WHAT YOU WILL DO → Some lines below may hold the string "points". Count them and give only the total.

(Saved data entries)

(* Let $K_1,\dots,K_N$ be kernels on $X\times X$, let $k\le N$, and let $\mathcal{K}=\{\sum_{i=1}^N w_iK_i:\ \sum_{i=1}^N w_i=1\ \text{and}\ \sum_{i=1}^N[w_i\neq 0]\le k\}$. Then \[ d_\phi(\mathcal{K})\leq 2k\log(k)+2k\log(4eN). \]
   Context: $[w_i\ne 0]$ is $1$ if $w_i\neq0$ and $0$ otherwise. For a class $\mathcal{K}$ of real functions on $X\times X$: $\mathcal{K}$ pseudo-shatters pairs $(x_1,x_1'),\dots,(x_r,x_r')$ if there exist thresholds $t_1,\dots,t_r$ such that for every $b\in\{-1,+1\}^r$ there is $K\in\mathcal{K}$ with $\mathrm{sign}(K(x_i,x_i')-t_i)=b_i$ for all $i$; the pseudodimension $d_\phi(\mathcal{K})$ is the largest $r$ such that some set of $r$ pairs is pseudo-shattered by $\mathcal{K}$. *)

theory Defs
  imports Complex_Main "HOL-Library.Extended_Real"
begin

definition is_kernel :: "('x \<Rightarrow> 'x \<Rightarrow> real) \<Rightarrow> bool" where
  "is_kernel K \<longleftrightarrow> (\<forall>x y. K x y = K y x) \<and>
     (\<forall>(n::nat) (xs::nat \<Rightarrow> 'x) (c::nat \<Rightarrow> real).
        (\<Sum>i<n. \<Sum>j<n. c i * c j * K (xs i) (xs j)) \<ge> 0)"

definition pseudo_shatters ::
  "('x \<Rightarrow> 'x \<Rightarrow> real) set \<Rightarrow> ('x \<times> 'x) list \<Rightarrow> bool" where
  "pseudo_shatters KK ps \<longleftrightarrow>
     (\<exists>t :: nat \<Rightarrow> real. \<forall>b :: nat \<Rightarrow> real. (\<forall>i<length ps. b i \<in> {-1, 1}) \<longrightarrow>
        (\<exists>K\<in>KK. \<forall>i<length ps. sgn (K (fst (ps ! i)) (snd (ps ! i)) - t i) = b i))"

definition pseudodim :: "('x \<Rightarrow> 'x \<Rightarrow> real) set \<Rightarrow> enat" where
  "pseudodim KK = Sup {enat (length ps) | ps. distinct ps \<and> pseudo_shatters KK ps}"

definition sparse_comb_class ::
  "(nat \<Rightarrow> 'x \<Rightarrow> 'x \<Rightarrow> real) \<Rightarrow> nat \<Rightarrow> nat \<Rightarrow> ('x \<Rightarrow> 'x \<Rightarrow> real) set" where
  "sparse_comb_class Ks N k =
     {(\<lambda>x y. \<Sum>i=1..N. w i * Ks i x y) | w :: nat \<Rightarrow> real.
        (\<Sum>i=1..N. w i) = 1 \<and> card {i\<in>{1..N}. w i \<noteq> 0} \<le> k}"

end

theory Submission
  imports Defs "HOL-Library.Function_Algebras" "HOL-Analysis.Harmonic_Numbers"
begin

text \<open>
  Evaluated at the r pairs (x_j, x_j'), a member of the class with support S is the linear
  function w \<mapsto> (\<Sum>i\<in>S. w i * K_i(x_j, x_j')) of the weights. Strict threshold dichotomies
  of linear functions in |S| parameters shatter at most |S| points (a nonzero linear dependence
  among the points yields a forbidden sign pattern), so by the Sauer--Shelah--Pajor lemma a
  fixed support realises at most (r + 1)^k sign patterns. There are at most (N + 1)^k supports,
  hence 2^r \<le> (N + 1)^k (r + 1)^k, and solving r ln 2 \<le> k ln (N + 1) + k ln (r + 1) for r
  gives the bound.
\<close>

subsection \<open>Counting and shattering of set families\<close>

lemma card_subsets_card_le:
  assumes "finite U"
  shows "card {A. A \<subseteq> U \<and> card A \<le> k} \<le> (card U + 1) ^ k"
proof -
  let ?L = "{xs. set xs \<subseteq> insert None (Some ` U) \<and> length xs = k}"
  have "{A. A \<subseteq> U \<and> card A \<le> k} \<subseteq> (\<lambda>xs. {x. Some x \<in> set xs}) ` ?L"
  proof
    fix A assume "A \<in> {A. A \<subseteq> U \<and> card A \<le> k}"
    hence AU: "A \<subseteq> U" and Ak: "card A \<le> k" by auto
    obtain xs where xs: "set xs = A" "distinct xs"
      using finite_distinct_list finite_subset[OF AU assms] by blast
    define ys where "ys = map Some xs @ replicate (k - length xs) None"
    have "length xs = card A" using xs distinct_card by fastforce
    hence "ys \<in> ?L" using xs AU Ak by (auto simp: ys_def)
    moreover have "A = {x. Some x \<in> set ys}" using xs by (auto simp: ys_def)
    ultimately show "A \<in> (\<lambda>xs. {x. Some x \<in> set xs}) ` ?L" by blast
  qed
  hence "card {A. A \<subseteq> U \<and> card A \<le> k} \<le> card ((\<lambda>xs. {x. Some x \<in> set xs}) ` ?L)"
    by (intro card_mono) (simp_all add: assms finite_lists_length_eq)
  also have "\<dots> \<le> card ?L"
    by (intro card_image_le) (simp add: assms finite_lists_length_eq)
  also have "\<dots> = (card U + 1) ^ k"
    using assms by (simp add: card_lists_length_eq card_image)
  finally show ?thesis .
qed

THE COMPLETED TASK → 2